When seconds count, the police are just years away

Fantastic post at Popehat about the attitude of far too many educators and "experts" towards bullied children who have the temerity to actually defend themselves from the aggression of their tormentors. Money quote:
Don’t you see, fat kid? When that little monster threw a jab at your chin, you were supposed to explore alternative paths of conflict resolution. You should have dialogued with him, as seasoned bullying experts would say, and tried to understand what made him punch you in the face:

In other words, that he’s a bully, and you’re a fat nerd. And that’s what bullies do to fat nerds. Because our teachers, and seasoned experts, have more important things to do with their time than to stop bullies who know just where to step, close to, but not quite over, the line.

Or you can take your chances with the invisible line yourself, but if you step over it, you’ll be the one who’s “snapped.” And you’ll be the one who goes to jail.
The incident referenced in the Popehat post- kid finally retaliates against repeated bullying at school, it's caught on film, alleged educational experts are horrified at the prospect of children actually protecting themselves when their teachers can't be bothered to do so- took place in Australia, but it's quite applicable to the United States as well. We lock children in close quarters with people who systematically harass, abuse, beat, terrorize, or humiliate them, force them into close contact day after day for years on end, do nothing or worse than nothing to protect them from their tormentors, and then punish them if they dare to try to stand up for themselves.

There are few things more contemptible than telling a victim of ongoing aggression and abuse that they are morally obliged to sit and take it, especially when the victim is someone particularly impressionable and emotionally vulnerable,or who has been taught to look to you as an authority, or whose safety and well-being is supposedly your responsibility, or all three. And make no mistake, that is exactly what telling children "Just walk away" or "violence is never the answer" or "try to talk to him" or "ignore it" boils down to.

This is the sort of essential "socialization" children would miss out on without modern schools. If the losers and weirdos in the lower reaches of the great chain of being got it into their heads that their own lives, rights, and well-being actually mattered enough to be worth standing up for, where would that leave us? Just meekly soak up the abuse and beg for help that will never come.

People quite literally wouldn't treat a fucking dog the way they routinely treat millions of children in this country.

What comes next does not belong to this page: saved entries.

definition precomp :: "('d,'y) schema \<Rightarrow> ('d list \<Rightarrow> 'y \<Rightarrow> 'x) \<Rightarrow> ('d list \<Rightarrow> 'x set)
    \<Rightarrow> ('d list \<Rightarrow> 'x \<Rightarrow> 'u list) \<Rightarrow> 'd list \<Rightarrow> 'y \<Rightarrow> 'u list" where
  "precomp Y f A h = (\<lambda>s y. if y \<in> preim Y f A s then h s (f s y) else undefined)"

locale schema_morphism =
  fixes Y :: "('d,'y) schema" and X :: "('d,'x) schema" and f :: "'d list \<Rightarrow> 'y \<Rightarrow> 'x"
  assumes schema_Y: "is_schema Y" and hom: "schema_hom Y X f"
begin

lemma f_ob: "y \<in> ob Y s \<Longrightarrow> f s y \<in> ob X s"
  using hom unfolding schema_hom_def nat_on_def by blast

lemma f_act: "smor s s' fl \<Longrightarrow> y \<in> ob Y s' \<Longrightarrow> f s (act Y s' fl y) = act X s' fl (f s' y)"
  using hom unfolding schema_hom_def nat_on_def by blast

lemma act_Y_closed: "smor s s' fl \<Longrightarrow> y \<in> ob Y s' \<Longrightarrow> act Y s' fl y \<in> ob Y s"
  using schema_Y unfolding is_schema_def by blast

lemma preim_in_subs: "A \<in> subs X \<Longrightarrow> preim Y f A \<in> subs Y"
  unfolding subs_def preim_def by (auto simp: act_Y_closed f_act)

lemma img_in_subs:
  assumes B: "B \<in> subs Y" shows "img f B \<in> subs X"
  unfolding subs_def img_def mem_Collect_eq
proof (intro conjI allI impI)
  fix s show "f s ` B s \<subseteq> ob X s" using subs_subset_ob[OF B] f_ob by blast
next
  fix s s' fl x assume sm: "smor s s' fl" and "x \<in> f s' ` B s'"
  then obtain y where y: "y \<in> B s'" "x = f s' y" by blast
  then have "act X s' fl x = f s (act Y s' fl y)"
    using f_act[OF sm subsetD[OF subs_subset_ob[OF B] y(1)]] y(2) by simp
  then show "act X s' fl x \<in> f s ` B s" using subs_act_closed[OF B sm y(1)] by blast
qed

lemma Union_pullback_sieve:
  assumes "S \<subseteq> subs X" shows "Union_sub (pullback_sieve Y f S) = preim Y f (Union_sub S)"
proof (intro ext set_eqI iffI)
  fix s y assume "y \<in> Union_sub (pullback_sieve Y f S) s"
  then show "y \<in> preim Y f (Union_sub S) s"
    by (auto simp: mem_Union_sub pullback_sieve_def preim_def le_fun_def)
next
  fix s y assume "y \<in> preim Y f (Union_sub S) s"
  then obtain A where "A \<in> S" "y \<in> preim Y f A s" by (auto simp: preim_def mem_Union_sub)
  then show "y \<in> Union_sub (pullback_sieve Y f S) s"
    using assms preim_in_subs by (auto simp: mem_Union_sub pullback_sieve_def)
qed

lemma direct_image_is_psh:
  assumes L: "is_psh Y L" shows "is_psh X (direct_image Y f L)"
  unfolding is_psh_def
  by (simp add: psh_res_closed[OF L] psh_res_id[OF L] psh_res_trans[OF L] preim_in_subs preim_mono)

lemma psh_nat_direct_image:
  "psh_nat Y L M \<alpha> \<Longrightarrow> psh_nat X (direct_image Y f L) (direct_image Y f M) (\<lambda>A. \<alpha> (preim Y f A))"
  unfolding psh_nat_def by (simp add: preim_in_subs preim_mono)

lemma matching_family_direct_image_agree:
  assumes L: "is_psh Y L" and S: "sieve X S" and F: "F \<in> matching_families (direct_image Y f L) S"
    and C: "C \<in> subs Y" and A: "A \<in> S" "C \<le> preim Y f A" and A': "A' \<in> S" "C \<le> preim Y f A'"
  shows "res L (preim Y f A) C (F A) = res L (preim Y f A') C (F A')"
proof -
  let ?I = "inf A A'"
  have I: "?I \<in> S" by (rule sieve_inf_closed[OF S A(1) A'(1)])
  have CI: "C \<le> preim Y f ?I" using A(2) A'(2) by (simp add: preim_inf)
  have "res L (preim Y f B) C (F B) = res L (preim Y f ?I) C (F ?I)" if B: "B \<in> S" "?I \<le> B" for B
  proof -
    have "res L (preim Y f B) C (F B) = res L (preim Y f ?I) C (res L (preim Y f B) (preim Y f ?I) (F B))"
      using psh_res_trans[OF L preim_in_subs[OF sieve_subs[OF S B(1)]] preim_in_subs[OF sieve_subs[OF S I]]
          C CI preim_mono[OF B(2)]] matching_familiesD(1)[OF F B(1)]
      by simp
    also have "\<dots> = res L (preim Y f ?I) C (F ?I)"
      using matching_familiesD(2)[OF F B(1) I B(2)] by simp
    finally show ?thesis .
  qed
  from this[OF A(1) inf_le1] this[OF A'(1) inf_le2] show ?thesis by simp
qed

lemma direct_image_separated:
  assumes L: "is_sheaf Y L" and S: "sieve X S"
    and l: "l1 \<in> sec L (preim Y f (Union_sub S))" "l2 \<in> sec L (preim Y f (Union_sub S))"
    and eq: "\<And>A. A \<in> S \<Longrightarrow>
      res L (preim Y f (Union_sub S)) (preim Y f A) l1 = res L (preim Y f (Union_sub S)) (preim Y f A) l2"
  shows "l1 = l2"
proof -
  let ?V = "preim Y f (Union_sub S)"
  have V: "Union_sub (pullback_sieve Y f S) = ?V"
    using S by (simp add: sieve_def Union_pullback_sieve)
  have V_subs: "?V \<in> subs Y" using S by (simp add: sieve_def Union_sub_in_subs preim_in_subs)
  show "l1 = l2"
  proof (rule sheaf_separated[OF L sieve_pullback_sieve[OF S]])
    show "l1 \<in> sec L (Union_sub (pullback_sieve Y f S))" "l2 \<in> sec L (Union_sub (pullback_sieve Y f S))"
      using l V by simp_all
    fix B assume "B \<in> pullback_sieve Y f S"
    then obtain A where A: "A \<in> S" and BA: "B \<le> preim Y f A" and B: "B \<in> subs Y"
      by (auto simp: pullback_sieve_def)
    have "res L ?V B l = res L (preim Y f A) B (res L ?V (preim Y f A) l)" if "l \<in> sec L ?V" for l
      using psh_res_trans[OF sheaf_is_psh[OF L] V_subs preim_in_subs[OF sieve_subs[OF S A]] B BA
          preim_mono[OF Union_sub_upper[OF A]] that]
      by simp
    then show "res L (Union_sub (pullback_sieve Y f S)) B l1 = res L (Union_sub (pullback_sieve Y f S)) B l2"
      using eq[OF A] l V by simp
  qed
qed

lemma direct_image_glue:
  assumes L: "is_sheaf Y L" and S: "sieve X S" and F: "F \<in> matching_families (direct_image Y f L) S"
  obtains l where "l \<in> sec L (preim Y f (Union_sub S))"
    and "\<And>A. A \<in> S \<Longrightarrow> res L (preim Y f (Union_sub S)) (preim Y f A) l = F A"
proof -
  let ?S' = "pullback_sieve Y f S" and ?V = "preim Y f (Union_sub S)"
  have V: "Union_sub ?S' = ?V" using S by (simp add: sieve_def Union_pullback_sieve)
  have L': "is_psh Y L" using L by (rule sheaf_is_psh)
  define G where "G = (\<lambda>B\<in>?S'. let A = SOME A. A \<in> S \<and> B \<le> preim Y f A in res L (preim Y f A) B (F A))"
  have G_eq: "G B = res L (preim Y f A) B (F A)" if B: "B \<in> ?S'" and A: "A \<in> S" "B \<le> preim Y f A" for A B
  proof -
    let ?A = "SOME A. A \<in> S \<and> B \<le> preim Y f A"
    have "?A \<in> S \<and> B \<le> preim Y f ?A" by (rule someI[of _ A]) (use A in simp)
    moreover have "B \<in> subs Y" using B by (simp add: pullback_sieve_def)
    ultimately have "res L (preim Y f ?A) B (F ?A) = res L (preim Y f A) B (F A)"
      using matching_family_direct_image_agree[OF L' S F _ _ _ A] by blast
    then show ?thesis using B by (simp add: G_def Let_def)
  qed
  have "G \<in> matching_families L ?S'"
    unfolding matching_families_def mem_Collect_eq
  proof (intro conjI ballI impI)
    fix B assume B: "B \<in> ?S'"
    then obtain A where A: "A \<in> S" "B \<le> preim Y f A" and "B \<in> subs Y" by (auto simp: pullback_sieve_def)
    then show "G B \<in> sec L B"
      using G_eq[OF B A] psh_res_closed[OF L' preim_in_subs[OF sieve_subs[OF S A(1)]]] matching_familiesD(1)[OF F A(1)]
      by simp
  next
    fix B C assume B: "B \<in> ?S'" and C: "C \<in> ?S'" and "C \<le> B"
    then obtain A where A: "A \<in> S" "B \<le> preim Y f A" and "B \<in> subs Y" "C \<in> subs Y"
      by (auto simp: pullback_sieve_def)
    moreover have "C \<le> preim Y f A" using \<open>C \<le> B\<close> A(2) by (rule order_trans)
    ultimately show "res L B C (G B) = G C"
      using G_eq[OF B A] G_eq[OF C A(1)] \<open>C \<le> B\<close> matching_familiesD(1)[OF F A(1)]
        psh_res_trans[OF L' preim_in_subs[OF sieve_subs[OF S A(1)]]]
      by simp
  qed (simp add: G_def)
  then obtain l where l: "l \<in> sec L ?V" and l_res: "\<And>B. B \<in> ?S' \<Longrightarrow> res L ?V B l = G B"
    using sheaf_glue[OF L sieve_pullback_sieve[OF S]] V by metis
  have "res L ?V (preim Y f A) l = F A" if A: "A \<in> S" for A
  proof -
    have "preim Y f A \<in> ?S'"
      using preim_in_subs[OF sieve_subs[OF S A]] by (auto simp: pullback_sieve_def intro: A)
    then show ?thesis
      using l_res G_eq[OF _ A order_refl] psh_res_id[OF L' preim_in_subs[OF sieve_subs[OF S A]]]
        matching_familiesD(1)[OF F A]
      by simp
  qed
  with l show ?thesis using that by blast
qed

lemma direct_image_is_sheaf:
  assumes L: "is_sheaf Y L" shows "is_sheaf X (direct_image Y f L)"
proof (rule is_sheafI[OF direct_image_is_psh[OF sheaf_is_psh[OF L]]])
  fix S l1 l2 assume S: "sieve X S" and l: "l1 \<in> sec (direct_image Y f L) (Union_sub S)"
    "l2 \<in> sec (direct_image Y f L) (Union_sub S)"
    and eq: "\<And>A. A \<in> S \<Longrightarrow> res (direct_image Y f L) (Union_sub S) A l1 = res (direct_image Y f L) (Union_sub S) A l2"
  have "\<And>A. A \<in> S \<Longrightarrow>
      res L (preim Y f (Union_sub S)) (preim Y f A) l1 = res L (preim Y f (Union_sub S)) (preim Y f A) l2"
    using eq by simp
  moreover have "l1 \<in> sec L (preim Y f (Union_sub S))" "l2 \<in> sec L (preim Y f (Union_sub S))"
    using l by simp_all
  ultimately show "l1 = l2" by (rule direct_image_separated[OF L S, rotated 2])
next
  fix S F assume "sieve X S" "F \<in> matching_families (direct_image Y f L) S"
  then show "\<exists>l\<in>sec (direct_image Y f L) (Union_sub S). \<forall>A\<in>S. res (direct_image Y f L) (Union_sub S) A l = F A"
    by (elim direct_image_glue[OF L]) auto
qed

lemma psh_nat_precomp: "psh_nat X (UX \<pi> X) (direct_image Y f (UX \<pi> Y)) (precomp Y f)"
  unfolding psh_nat_def
proof (intro conjI ballI impI)
  fix A h assume "A \<in> subs X" "h \<in> sec (UX \<pi> X) A"
  then show "precomp Y f A h \<in> sec (direct_image Y f (UX \<pi> Y)) A"
    by (auto simp: sec_UX nat_on_def precomp_def preim_def f_act f_ob subs_act_closed act_Y_closed)
next
  fix A B h assume "A \<in> subs X" "B \<in> subs X" "B \<le> A"
  then have "\<And>s x. x \<in> B s \<Longrightarrow> x \<in> A s" by (auto simp: le_fun_def)
  then show "precomp Y f B (res (UX \<pi> X) A B h) = res (direct_image Y f (UX \<pi> Y)) A B (precomp Y f A h)"
    by (auto simp: res_UX precomp_def preim_def intro!: ext)
qed

end

section \<open>The adjunction between pullback and push-forward\<close>

lemma sec_pushforward_db:
  "p \<in> sec (fst (pushforward_db \<pi> X Y f E)) A \<longleftrightarrow>
     fst p \<in> sec (UX \<pi> X) A \<and> snd p \<in> sec (fst E) (preim Y f A) \<and>
     snd E (preim Y f A) (snd p) = precomp Y f A (fst p)"
  by (simp add: pushforward_db_def sec_def precomp_def case_prod_beta)

lemma res_pushforward_db: "res (fst (pushforward_db \<pi> X Y f E)) A B p =
   (res (UX \<pi> X) A B (fst p), res (fst E) (preim Y f A) (preim Y f B) (snd p))"
  by (simp add: pushforward_db_def res_def)

lemma snd_pushforward_db: "snd (pushforward_db \<pi> X Y f E) = (\<lambda>A. fst)"
  by (simp add: pushforward_db_def)

lemma pushforward_db_eq_fibre_product: "fst (pushforward_db \<pi> X Y f E) =
   fibre_product (UX \<pi> X) (direct_image Y f (fst E)) (precomp Y f) (\<lambda>A. snd E (preim Y f A))"
  by (simp add: pushforward_db_def fibre_product_def direct_image_def precomp_def sec_def res_def eq_commute)

lemma sec_pullback_db: "sec (fst (pullback_db f D)) B = sec (fst D) (img f B)"
  by (simp add: pullback_db_def sec_def)

lemma res_pullback_db: "res (fst (pullback_db f D)) B B' = res (fst D) (img f B) (img f B')"
  by (simp add: pullback_db_def res_def)

lemma snd_pullback_db:
  "snd (pullback_db f D) B k = (\<lambda>s y. if y \<in> B s then snd D (img f B) k s (f s y) else undefined)"
  by (simp add: pullback_db_def)

lemma db_is_psh: "is_db \<pi> X D \<Longrightarrow> is_psh X (fst D)"
  by (simp add: is_db_def is_sheaf_def)

lemma db_psh_nat: "is_db \<pi> X D \<Longrightarrow> psh_nat X (fst D) (UX \<pi> X) (snd D)"
  by (simp add: is_db_def)

lemma dbhom_psh_nat: "\<alpha> \<in> dbhom X D D' \<Longrightarrow> psh_nat X (fst D) (fst D') \<alpha>"
  by (simp add: dbhom_def)

lemma dbhom_over: "\<alpha> \<in> dbhom X D D' \<Longrightarrow> A \<in> subs X \<Longrightarrow> k \<in> sec (fst D) A \<Longrightarrow> snd D' A (\<alpha> A k) = snd D A k"
  by (simp add: dbhom_def)

lemma dbhom_undefined: "\<alpha> \<in> dbhom X D D' \<Longrightarrow> \<not> (A \<in> subs X \<and> k \<in> sec (fst D) A) \<Longrightarrow> \<alpha> A k = undefined"
  by (simp add: dbhom_def)

lemma dbhom_pushforward_dbD:
  assumes "\<beta> \<in> dbhom X D (pushforward_db \<pi> X Y f E)" "A \<in> subs X" "k \<in> sec (fst D) A"
  shows "fst (\<beta> A k) = snd D A k" and "snd (\<beta> A k) \<in> sec (fst E) (preim Y f A)"
    and "snd E (preim Y f A) (snd (\<beta> A k)) = precomp Y f A (snd D A k)"
  using dbhom_over[OF assms] psh_nat_closed[OF dbhom_psh_nat[OF assms(1)] assms(2,3)]
  by (simp_all add: snd_pushforward_db sec_pushforward_db)

context schema_morphism
begin

lemma pushforward_is_db:
  assumes E: "is_db \<pi> Y E" shows "is_db \<pi> X (pushforward_db \<pi> X Y f E)"
  unfolding is_db_def snd_pushforward_db pushforward_db_eq_fibre_product
  using fibre_product_is_sheaf[OF UX_is_sheaf direct_image_is_sheaf direct_image_is_sheaf[OF UX_is_sheaf]
      psh_nat_precomp psh_nat_direct_image[OF db_psh_nat[OF E]]] E
  by (simp add: is_db_def psh_nat_fibre_product_fst)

In practice "violence isn't the answer" isn't being said to everyone, at least not equally. It's being said to kids who get bullied a lot- in other words, the kids who are unpopular, different, weird, nerdy,  ugly, shy, socially awkward, or otherwise deviant in ways that put them among the lower echelons of the status hierarchy. An actual fight, in which the bully actually encounters effective resistance, is much more likely to result in actual adult intervention than than one-sided abuse- it's louder, more likely to draw a crowd, more likely to result in some sort of property damage, and more likely to disrupt the school's smooth operation. In practice, a policy of punishing both sides of a fight regardless of its cause often boils down to a policy of tolerating violence as long as it is directed solely at low-status kids.

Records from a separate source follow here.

(* Let $\mathcal{X}=\{A\in\mathcal{M}_d: A=A^\dagger,\ \operatorname{tr}A=0\}$ with the basis consisting of $\sigma_x^{jk}=|j\rangle\langle k|+|k\rangle\langle j|$ and $\sigma_y^{jk}=-i(|j\rangle\langle k|-|k\rangle\langle j|)$ for $1\le j<k\le d$, and $\sigma_z^j=|j\rangle\langle j|-|j+1\rangle\langle j+1|$ for $j=1,\dots,d-1$, and let $\mathcal{V}=\{A\mapsto UAU^\dagger: U\in\mathcal{M}_d\text{ unitary}\}$. Then for every pair $B_1,B_2$ of these basis vectors there is $T\in\mathcal{V}$ with $T(B_1)=B_2$.
   Context: $\{|1\rangle,\dots,|d\rangle\}$ is the standard basis of $\mathbb{C}^d$. *)

theory Defs
  imports "Jordan_Normal_Form.Matrix" Complex_Main
begin

text \<open>Indices are 0-based: the standard basis vector |j+1> of the paper corresponds to index j < d.\<close>

definition ketbra :: "nat \<Rightarrow> nat \<Rightarrow> nat \<Rightarrow> complex mat" where
  "ketbra d j k = mat d d (\<lambda>(a, b). if a = j \<and> b = k then 1 else 0)"

definition adj :: "complex mat \<Rightarrow> complex mat" where
  "adj A = mat (dim_col A) (dim_row A) (\<lambda>(i, j). cnj (A $$ (j, i)))"

definition unitary_mat :: "nat \<Rightarrow> complex mat \<Rightarrow> bool" where
  "unitary_mat d U \<longleftrightarrow> U \<in> carrier_mat d d \<and> U * adj U = 1\<^sub>m d \<and> adj U * U = 1\<^sub>m d"

definition sigma_x :: "nat \<Rightarrow> nat \<Rightarrow> nat \<Rightarrow> complex mat" where
  "sigma_x d j k = ketbra d j k + ketbra d k j"

definition sigma_y :: "nat \<Rightarrow> nat \<Rightarrow> nat \<Rightarrow> complex mat" where
  "sigma_y d j k = (- \<i>) \<cdot>\<^sub>m (ketbra d j k - ketbra d k j)"

definition sigma_z :: "nat \<Rightarrow> nat \<Rightarrow> complex mat" where
  "sigma_z d j = ketbra d j j - ketbra d (Suc j) (Suc j)"

definition gm_basis :: "nat \<Rightarrow> complex mat set" where
  "gm_basis d = {sigma_x d j k | j k. j < k \<and> k < d}
              \<union> {sigma_y d j k | j k. j < k \<and> k < d}
              \<union> {sigma_z d j | j. Suc j < d}"

end

theory Submission
  imports Defs "HOL-Combinatorics.Permutations" "Jordan_Normal_Form.Determinant"
begin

Of course, it is adults who dispense and enforce these platitudes, and these adults are almost invariably well-educated middle class professionals. In other words, it is people who live secure in the knowledge  that they live in a world where violently assaulting them without provocation is a crime, that they are recognized as having every right to defend themselves against attackers, that they will not be forcibly compelled to attend if they refuse to spend their day in a setting where they are subjected to relentless humiliation and psychological abuse, and that anything even remotely approaching the sort of crap tolerated in schools would be met with police and prosecutions and lawsuits if they, God forbid, were the victims. Their safety and well-being matter enough to receive actual protection.

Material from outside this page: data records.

lemma uncentered_finite_sum_le:
  fixes B :: "('a::euclidean_space \<times> real) set"
  assumes packing: "gen_packing uncentered e E B" and "finite B" "e \<le> 1" "0 \<le> \<gamma>" "\<alpha> < \<gamma>"
  shows "(\<Sum>(x,r)\<in>B. ennreal (diameter (ball x r) powr \<gamma>))
    \<le> ennreal (uncentered_packing_constant DIM('a) \<alpha> \<gamma>) * gen_pack_eps centered \<alpha> e E"
proof -
  define q where "q = (1/2::real) powr (\<gamma> - \<alpha>)"
  define c where "c = 5 ^ DIM('a) * 2 powr \<gamma>"
  let ?f = "\<lambda>(x,r). ennreal (diameter (ball x r) powr \<gamma>)"
  let ?P = "gen_pack_eps centered \<alpha> e E"
  have "0 \<le> q" "q < 1"
    using \<open>\<alpha> < \<gamma>\<close> powr_less_mono2[of "\<gamma> - \<alpha>" "1/2" 1] by (simp_all add: q_def)
  have "\<exists>j::nat. (1/2)^Suc j < snd p \<and> snd p \<le> (1/2)^j" if "p \<in> B" for p
  proof -
    from packing that have "0 < snd p" "2 * snd p \<le> e"
      unfolding gen_packing_def by fastforce+
    with \<open>e \<le> 1\<close> have "snd p \<le> 1" by linarith
    with \<open>0 < snd p\<close> obtain j :: nat where "(1/2)^Suc j < snd p" "snd p \<le> (1/2)^j"
      by (rule dyadic_scale_exists)
    then show ?thesis by blast
  qed
  then obtain k where k: "\<And>p. p \<in> B \<Longrightarrow> (1/2)^Suc (k p) < snd p \<and> snd p \<le> (1/2)^k p"
    by metis
  have scale: "sum ?f {p \<in> B. k p = j} \<le> ennreal (c * q ^ j) * ?P" for j
  proof -
    have "(1/2::real) ^ j = 2 * (1/2) ^ Suc j" by simp
    moreover have "((1/2::real) ^ j) powr (\<gamma> - \<alpha>) = q ^ j"
      by (simp add: q_def powr_realpow[symmetric] powr_powr powr_power mult.commute)
    ultimately show ?thesis
      using uncentered_scale_sum_le[of e E "{p \<in> B. k p = j}" "(1/2)^Suc j" \<gamma> \<alpha>]
        gen_packing_subset[OF packing] k \<open>finite B\<close> \<open>0 \<le> \<gamma>\<close>
      by (auto simp: c_def mult.assoc)
  qed
  have "sum ?f B = (\<Sum>j\<in>k ` B. sum ?f {p \<in> B. k p = j})"
    using \<open>finite B\<close> by (intro sum.group[symmetric]) auto
  also have "\<dots> \<le> (\<Sum>j\<in>k ` B. ennreal (c * q ^ j) * ?P)"
    by (intro sum_mono scale)
  also have "\<dots> = ennreal (c * (\<Sum>j\<in>k ` B. q ^ j)) * ?P"
    using \<open>0 \<le> q\<close> by (simp add: c_def sum_distrib_right[symmetric] sum_distrib_left sum_ennreal)
  also have "\<dots> \<le> ennreal (c * (1 / (1 - q))) * ?P"
  proof (intro mult_right_mono ennreal_leI mult_left_mono)
    have "(\<Sum>j\<in>k ` B. q ^ j) \<le> (\<Sum>j. q ^ j)"
      using \<open>finite B\<close> \<open>0 \<le> q\<close> \<open>q < 1\<close> by (intro sum_le_suminf summable_geometric) auto
    then show "(\<Sum>j\<in>k ` B. q ^ j) \<le> 1 / (1 - q)"
      using \<open>0 \<le> q\<close> \<open>q < 1\<close> by (simp add: suminf_geometric)
  qed (simp_all add: c_def)
  finally show ?thesis
    by (simp add: uncentered_packing_constant_def c_def q_def)
qed

lemma gen_pack_eps_uncentered_le:
  fixes E :: "'a::euclidean_space set"
  assumes "e \<le> 1" "0 \<le> \<gamma>" "\<alpha> < \<gamma>"
  shows "gen_pack_eps uncentered \<gamma> e E
    \<le> ennreal (uncentered_packing_constant DIM('a) \<alpha> \<gamma>) * gen_pack_eps centered \<alpha> e E"
  unfolding gen_pack_eps_def[of uncentered]
proof (rule SUP_least)
  fix B assume B: "B \<in> {B. gen_packing uncentered e E B}"
  show "infsum (\<lambda>(x,r). ennreal (diameter (ball x r) powr \<gamma>)) B
    \<le> ennreal (uncentered_packing_constant DIM('a) \<alpha> \<gamma>) * gen_pack_eps centered \<alpha> e E"
    unfolding nonneg_infsum_complete[OF zero_le]
  proof (rule SUP_least)
    fix B' assume "B' \<in> {B'. finite B' \<and> B' \<subseteq> B}"
    with B have "gen_packing uncentered e E B'" "finite B'"
      using gen_packing_subset by auto
    then show "sum (\<lambda>(x,r). ennreal (diameter (ball x r) powr \<gamma>)) B'
      \<le> ennreal (uncentered_packing_constant DIM('a) \<alpha> \<gamma>) * gen_pack_eps centered \<alpha> e E"
      using assms by (rule uncentered_finite_sum_le)
  qed
qed

lemma gen_pack_measure_uncentered_le:
  fixes E :: "'a::euclidean_space set"
  assumes "0 \<le> \<gamma>" "\<alpha> < \<gamma>"
  shows "gen_pack_measure uncentered \<gamma> E
    \<le> ennreal (uncentered_packing_constant DIM('a) \<alpha> \<gamma>) * gen_pack_measure centered \<alpha> E"
  using assms
  by (intro gen_pack_measure_le_mult gen_pack_0_le_mult gen_pack_eps_uncentered_le) auto

lemma Inf_null_exponents_eq:
  fixes m m' :: "real \<Rightarrow> ennreal"
  assumes "\<And>\<alpha>. m \<alpha> \<le> m' \<alpha>"
    and "\<And>\<alpha> \<gamma>. 0 \<le> \<alpha> \<Longrightarrow> \<alpha> < \<gamma> \<Longrightarrow> m \<alpha> = 0 \<Longrightarrow> m' \<gamma> = 0"
  shows "Inf {ereal \<alpha> | \<alpha>. 0 \<le> \<alpha> \<and> m' \<alpha> = 0} = Inf {ereal \<alpha> | \<alpha>. 0 \<le> \<alpha> \<and> m \<alpha> = 0}"
    (is "Inf ?N' = Inf ?N")
proof (rule antisym)
  show "Inf ?N' \<le> Inf ?N"
  proof (rule Inf_greatest)
    fix x assume "x \<in> ?N"
    then obtain \<alpha> where \<alpha>: "x = ereal \<alpha>" "0 \<le> \<alpha>" "m \<alpha> = 0" by auto
    show "Inf ?N' \<le> x" unfolding \<alpha>(1)
    proof (rule ereal_le_epsilon2)
      fix d :: real assume "0 < d"
      with \<alpha> assms(2)[of \<alpha> "\<alpha> + d"] have "ereal (\<alpha> + d) \<in> ?N'" by auto
      then show "Inf ?N' \<le> ereal \<alpha> + ereal d" by (simp add: Inf_lower)
    qed
  qed
  have "?N' \<subseteq> ?N"
    using assms(1) by (force intro: order.antisym order.trans)
  then show "Inf ?N \<le> Inf ?N'" by (rule Inf_superset_mono)
qed

theorem corollary1:
  fixes E :: "(real ^ 'n) set"
  shows "packing_dim_unc E = packing_dim E"
  unfolding packing_dim_unc_def packing_dim_def gen_pack_dim_def
proof (rule Inf_null_exponents_eq)
  show "gen_pack_measure centered \<alpha> E \<le> gen_pack_measure uncentered \<alpha> E" for \<alpha>
    by (rule gen_pack_measure_mono_adm) (rule centered_imp_uncentered)
  fix \<alpha> \<gamma> :: real
  assume "0 \<le> \<alpha>" "\<alpha> < \<gamma>" "gen_pack_measure centered \<alpha> E = 0"
  then show "gen_pack_measure uncentered \<gamma> E = 0"
    using gen_pack_measure_uncentered_le[of \<gamma> \<alpha> E] by simp
qed

end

For all its defects, the macho "don't come crying to me about it, you sissy" attitude towards bullied children was still far more humane and decent than this. It was merely pitilessly indifferent to the victims, not actively allied with the bully. If nothing else, it at least recognized the right of the bullied child to at least try to defend himself instead of declaring him so utterly worthless and irrelevant that he isn't even worthy of his own protection.